2026 bilateral agreements between Australia and Vietnam

The Australia–Vietnam Comprehensive Strategic Partnership Agreements are a series of joint statements and memoranda of understanding between Australia and Vietnam concerning cooperation in digital economy, agriculture, maritime law enforcement, border protection, vocational training, healthcare, and air services. They were signed on 11 August 2026 during the state visit of Vietnamese General Secretary and President To Lam to Australia.

The agreements build upon the Comprehensive Strategic Partnership established between the two countries in March 2024. The most detailed of the documents is a five-year memorandum of understanding on digital economy cooperation, which identifies priority areas including digital trade, digital transformation, and digital skills.

The agreements do not constitute a treaty under international law but represent political commitments to deepen bilateral cooperation. Implementation is to be carried out by designated representative agencies in each country.

==Background==

Australia and Vietnam have shared diplomatic relations since 1973. The relationship was elevated to a Comprehensive Strategic Partnership on 7 March 2024 during a visit by Australian Prime Minister Anthony Albanese to Vietnam.
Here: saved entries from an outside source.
lemma integral_quadratic_square:
  fixes a b e lo hi :: real
  assumes "lo \<le> hi"
  shows "integral\<^sup>L lborel (\<lambda>x. indicator {lo..hi} x *\<^sub>R (a + b*x + e*x^2)^2)
       = quadratic_square_primitive a b e hi - quadratic_square_primitive a b e lo"
proof (rule integral_FTC_atLeastAtMost[OF assms])
  fix x :: real
  have "(quadratic_square_primitive a b e has_real_derivative (a + b*x + e*x^2)^2) (at x)"
    unfolding quadratic_square_primitive_def
    by (auto intro!: derivative_eq_intros
             simp: power2_eq_square power3_eq_cube power4_eq_xxxx field_simps)
  then show "(quadratic_square_primitive a b e has_vector_derivative (a + b*x + e*x^2)^2)
      (at x within {lo..hi})"
    by (simp add: has_real_derivative_iff_has_vector_derivative has_vector_derivative_at_within)
qed (intro continuous_intros)

lemma integral_quadratic_square_right:
  assumes "0 \<le> h"
  shows "integral\<^sup>L lborel (\<lambda>x. indicator {0..h} x *\<^sub>R (a + b*x + e*x^2)^2)
     = quadratic_square_primitive a b e h"
  by (simp only: integral_quadratic_square[OF assms]) (simp add: quadratic_square_primitive_def)

lemma integral_quadratic_square_left:
  assumes "0 \<le> h"
  shows "integral\<^sup>L lborel (\<lambda>x. indicator {-h..0} x *\<^sub>R (a + b*x + e*x^2)^2)
     = quadratic_square_primitive a (-b) e h"
proof -
  have "-h \<le> 0" using assms by simp
  then show ?thesis
    by (simp only: integral_quadratic_square)
       (simp add: quadratic_square_primitive_def power2_eq_square power3_eq_cube
          power4_eq_xxxx field_simps)
qed

text \<open>Substituting \<open>x = h t\<close> turns the primitive into \<open>h\<close> times the Hilbert form in
  \<open>(a, b h, e h\<^sup>2)\<close>.\<close>
lemma quadratic_square_primitive_ge:
  fixes a b e h :: real
  assumes h: "0 < h" "h \<le> 1"
  shows "h^5 / 720 * (a^2 + b^2 + e^2) \<le> quadratic_square_primitive a b e h"
proof -
  have rescaled: "quadratic_square_primitive a b e h
      = h * (a^2 + a*(b*h) + ((b*h)^2 + 2*a*(e*h^2))/3 + (b*h)*(e*h^2)/2 + (e*h^2)^2/5)"
    unfolding quadratic_square_primitive_def
    by (simp add: power2_eq_square power3_eq_cube power4_eq_xxxx field_simps)
      (simp add: algebra_simps numeral_eq_Suc)
  have "h^4 * (a^2 + b^2 + e^2) \<le> a^2 + (b*h)^2 + (e*h^2)^2"
  proof -
    have "h^4 * a^2 \<le> a^2"
      using h by (simp add: power_le_one mult_left_le_one_le)
    moreover have "h^4 * b^2 \<le> (b*h)^2"
      using h power_decreasing[of 2 4 h]
      by (simp add: power_mult_distrib mult.commute mult_left_mono)
    moreover have "h^4 * e^2 \<le> (e*h^2)^2"
      by (simp add: power_mult_distrib power_mult[symmetric])
    ultimately show ?thesis by (simp add: algebra_simps)
  qed
  then have "h * (h^4 * (a^2 + b^2 + e^2)) / 720 \<le> h * ((a^2 + (b*h)^2 + (e*h^2)^2) / 720)"
    using h by simp
  also have "\<dots> \<le> quadratic_square_primitive a b e h"
    unfolding rescaled using h by (intro mult_left_mono hilbert_quadratic_form_ge) auto
  finally show ?thesis by (simp add: eval_nat_numeral)
qed
section \<open>Gluing admissible blocks\<close>

lemma spacing_balanced_expansions:
  assumes S: "spacing balanced_set S" and s0: "s0 \<in> S" "\<And>s. s \<in> S \<Longrightarrow> s0 \<le> s"
  obtains \<delta> where "\<And>s. s \<in> S \<Longrightarrow> balanced_expansion (\<delta> s) (int s - int s0)"
    and "\<And>s s' i. s \<in> S \<Longrightarrow> s' \<in> S \<Longrightarrow> \<bar>\<delta> s i - \<delta> s' i\<bar> \<le> 1"
proof -
  have "\<exists>e. balanced_expansion e (int s - int s0)" if s: "s \<in> S" for s
  proof (cases "s = s0")
    case True
    then show ?thesis using balanced_expansion_0 by auto
  next
    case False
    then have "s - s0 \<in> balanced_set" using spacingD[OF S s0(1) s] s0(2)[OF s] by simp
    then show ?thesis unfolding balanced_set_def using s0(2)[OF s] by auto
  qed
  then obtain \<delta> where \<delta>: "\<And>s. s \<in> S \<Longrightarrow> balanced_expansion (\<delta> s) (int s - int s0)" by metis
  have close: "\<bar>\<delta> s i - \<delta> s' i\<bar> \<le> 1" if ss': "s \<in> S" "s' \<in> S" "s < s'" for s s' i
  proof -
    obtain h where "balanced_expansion h (int (s' - s))"
      using spacingD[OF S ss'] unfolding balanced_set_def by blast
    then have h: "balanced_expansion h ((int s' - int s0) - (int s - int s0))"
      using ss'(3) by simp
    have "\<delta> s' i - \<delta> s i = h i" by (rule balanced_expansion_diff[OF \<delta>[OF ss'(2)] \<delta>[OF ss'(1)] h])
    then show ?thesis using balanced_expansion_digit[OF h, of i] by linarith
  qed
  have "\<bar>\<delta> s i - \<delta> s' i\<bar> \<le> 1" if "s \<in> S" "s' \<in> S" for s s' i
    using close[OF that] close[OF that(2,1)] by (cases s s' rule: linorder_cases) (auto simp: abs_minus_commute)
  with \<delta> show thesis by (rule that)
qed

lemma exists_compensating_digit:
  fixes \<alpha> :: "'a \<Rightarrow> int" and \<beta> :: "'b \<Rightarrow> int"
  assumes "\<And>a. a \<in> A \<Longrightarrow> \<bar>\<alpha> a\<bar> \<le> 1" "\<And>a a'. a \<in> A \<Longrightarrow> a' \<in> A \<Longrightarrow> \<bar>\<alpha> a - \<alpha> a'\<bar> \<le> 1"
    and "\<And>b. b \<in> B \<Longrightarrow> \<bar>\<beta> b\<bar> \<le> 1" "\<And>b b'. b \<in> B \<Longrightarrow> b' \<in> B \<Longrightarrow> \<bar>\<beta> b - \<beta> b'\<bar> \<le> 1"
  shows "\<exists>\<nu>. \<bar>\<nu>\<bar> \<le> 1 \<and> (\<forall>a\<in>A. \<forall>b\<in>B. \<bar>\<nu> + \<beta> b - \<alpha> a\<bar> \<le> 1)"
proof -
  define pA where "pA \<longleftrightarrow> (\<exists>a\<in>A. \<alpha> a = 1)"
  define mB where "mB \<longleftrightarrow> (\<exists>b\<in>B. \<beta> b = -1)"
  define \<nu> :: int where "\<nu> = of_bool pA + of_bool mB - 1"
  have "\<bar>\<nu> + \<beta> b - \<alpha> a\<bar> \<le> 1" if a: "a \<in> A" and b: "b \<in> B" for a b
  proof -
    have "\<alpha> a \<noteq> 1 \<Longrightarrow> \<alpha> a \<le> 0" "\<beta> b \<noteq> -1 \<Longrightarrow> 0 \<le> \<beta> b"
      using assms(1)[OF a] assms(3)[OF b] unfolding abs_le_iff by presburger+
    then have "\<not> pA \<Longrightarrow> \<alpha> a \<le> 0" "\<not> mB \<Longrightarrow> 0 \<le> \<beta> b"
      using a b unfolding pA_def mB_def by blast+
    moreover have "pA \<Longrightarrow> 0 \<le> \<alpha> a" "mB \<Longrightarrow> \<beta> b \<le> 0"
      using assms(2)[OF a] assms(4)[OF b] unfolding pA_def mB_def abs_le_iff by force+
    ultimately show ?thesis
      using assms(1)[OF a] assms(3)[OF b] unfolding \<nu>_def abs_le_iff by (cases pA; cases mB) auto
  qed
  moreover have "\<bar>\<nu>\<bar> \<le> 1" unfolding \<nu>_def by (cases pA; cases mB) auto
  ultimately show ?thesis by blast
qed

lemma exists_block_dvd:
  assumes "0 < k" "k \<le> t"
  obtains h where "0 < h" "int k dvd X + (\<Sum>i\<in>{t<..t + h}. digit_base i)"
proof -
  define h where "h = nat (int k - X mod int k)"
  have "0 \<le> X mod int k" "X mod int k < int k" using assms(1) by simp_all
  then have h: "0 < h" "int h = int k - X mod int k" unfolding h_def by auto
  have "int k dvd (\<Sum>i\<in>{t<..t + h}. digit_base i - 1)"
    using assms by (intro dvd_sum dvd_digit_base_minus_1) auto
  moreover have "X + int h = int k + int k * (X div int k)"
    using h(2) minus_mod_eq_mult_div[of X "int k"] by simp
  then have "int k dvd X + int h" by simp
  ultimately have "int k dvd X + int h + (\<Sum>i\<in>{t<..t + h}. digit_base i - 1)" by simp
  then show ?thesis using h(1) that by (simp add: sum_subtractf)
qed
The bilateral economic relationship had been underpinned by the Australia–Vietnam Enhanced Economic Engagement Strategy (EEES), signed by the prime ministers of both countries on 1 November 2021. The EEES identified digital economy cooperation as a priority area for enhancing economic ties.

The digital economy had become an increasingly important sector for both countries. Australia and Vietnam recognized digital technologies and digital trade as enablers of economic growth, development, and social wellbeing.
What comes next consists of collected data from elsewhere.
lemma sinv_props: "(x::'a) * sinv x * x = x \<and> sinv x * x * sinv x = sinv x"
proof -
  have "\<exists>!y. (x::'a) * y * x = x \<and> y * x * y = y"
    using unique_inverse unfolding is_inverse_semigroup_def by blast
  from theI'[OF this] show ?thesis unfolding sinv_def .
qed

lemma mult_sinv_mult [simp]: "(x::'a) * (sinv x * x) = x"
  and mult_sinv_mult' [simp]: "(x::'a) * (sinv x * (x * z)) = x * z"
  and sinv_mult_sinv [simp]: "sinv (x::'a) * (x * sinv x) = sinv x"
  and sinv_mult_sinv' [simp]: "sinv (x::'a) * (x * (sinv x * z)) = sinv x * z"
  using sinv_props[of x] by (simp_all add: mult.assoc[symmetric])

lemma sinv_eqI:
  assumes "(x::'a) * y * x = x" and "y * x * y = y"
  shows "sinv x = y"
proof -
  have "\<exists>!y. (x::'a) * y * x = x \<and> y * x * y = y"
    using unique_inverse unfolding is_inverse_semigroup_def by blast
  then show ?thesis
    unfolding sinv_def by (rule the1_equality) (use assms in simp)
qed

lemma sinv_sinv [simp]: "sinv (sinv (x::'a)) = x"
  by (rule sinv_eqI) (simp_all add: sinv_props)

lemma sinv_idem: "idem (e::'a) \<Longrightarrow> sinv e = e"
  by (rule sinv_eqI) (simp_all add: idem_def)

lemma idem_mult_sinv: "idem ((x::'a) * sinv x)"
  by (simp add: idem_def mult.assoc)

lemma idem_sinv_mult: "idem (sinv (x::'a) * x)"
  by (simp add: idem_def mult.assoc)

lemma idem_left_absorb: "idem (e::'a) \<Longrightarrow> e * (e * z) = e * z"
  by (simp add: idem_def mult.assoc[symmetric])
(* Let $1\le r\le n$, let $B^{(1)},\dots,B^{(r)}\in\mathbb{C}^{n\times n}$ be Hermitian, and let $\tilde g(U)=\sum_{q=1}^ru_q^HB^{(q)}u_q$ for $U=(u_1,\dots,u_n)\in\mathcal{U}_n$. Let $U\in\mathcal{U}_n$ and $1\le i<j\le n$ with $i\le r$. Then there exist a real symmetric $M\in\mathbb{R}^{3\times3}$ and $C\in\mathbb{R}$ such that $\tilde g(UG_{ij}(\Psi(\theta,\phi)))=z_{1,1}(\theta,\phi)^TMz_{1,1}(\theta,\phi)+C$ for all $\theta,\phi\in\mathbb{R}$.
   Context: $\mathcal{U}_n$ is the group of $n\times n$ unitary matrices. $G_{ij}(\Psi)$ is the $n\times n$ identity with entries $(i,i),(i,j),(j,i),(j,j)$ replaced by $\Psi_{11},\Psi_{12},\Psi_{21},\Psi_{22}$; $\Psi(\theta,\phi)=\begin{bmatrix}\cos\theta&-\sin\theta e^{\mathrm{i}\phi}\\ \sin\theta e^{-\mathrm{i}\phi}&\cos\theta\end{bmatrix}$; $z_{1,1}(\theta,\phi)=(\cos\theta,-\sin\theta\cos\phi,-\sin\theta\sin\phi)^T$. *)

theory Defs
  imports "Jordan_Normal_Form.Schur_Decomposition"
begin

(* Indices are 0-based: rows/columns of an n x n matrix are 0..n-1. *)

definition unitary_mat :: "nat \<Rightarrow> complex mat \<Rightarrow> bool" where
  "unitary_mat n U \<longleftrightarrow> U \<in> carrier_mat n n \<and> mat_adjoint U * U = 1\<^sub>m n"

definition hermitian_mat :: "nat \<Rightarrow> complex mat \<Rightarrow> bool" where
  "hermitian_mat n B \<longleftrightarrow> B \<in> carrier_mat n n \<and> mat_adjoint B = B"

definition Psi :: "real \<Rightarrow> real \<Rightarrow> complex mat" where
  "Psi \<theta> \<phi> = mat_of_rows_list 2
     [[complex_of_real (cos \<theta>), - complex_of_real (sin \<theta>) * cis \<phi>],
      [complex_of_real (sin \<theta>) * cis (- \<phi>), complex_of_real (cos \<theta>)]]"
Before the August 2026 agreements, Australia and Vietnam had been engaged in efforts to strengthen digital trade commitments through regional and multilateral frameworks, including the AANZFTA e-commerce upgrade negotiations and the ASEAN-Australia Digital Trade Standards initiative.

==Joint Statements==

On 11 August 2026, General Secretary and President To Lam and Prime Minister Anthony Albanese exchanged three joint statements covering the breadth of the bilateral relationship.

The first was a Joint Statement on deepening the Vietnam-Australia Comprehensive Strategic Partnership, which outlined the overarching framework for continued collaboration across political, economic, and security domains.

The second was a Joint Statement on improving the resilience, adaptability and recovery capacity of Vietnamese and Australian economies, addressing economic cooperation in the face of global challenges including supply chain disruptions and climate change.

The third was a Joint Statement on enhancing science, technology, and innovation connectivity between Vietnam and Australia.

==Cooperation Documents==

In addition to the three joint statements, the two leaders witnessed the exchange of seven cooperation documents across various sectors.

The documents included memoranda of understanding on agriculture and rural development, maritime law enforcement, border protection, vocational training, healthcare, and digital economy, as well as a protocol amending the bilateral air services agreement.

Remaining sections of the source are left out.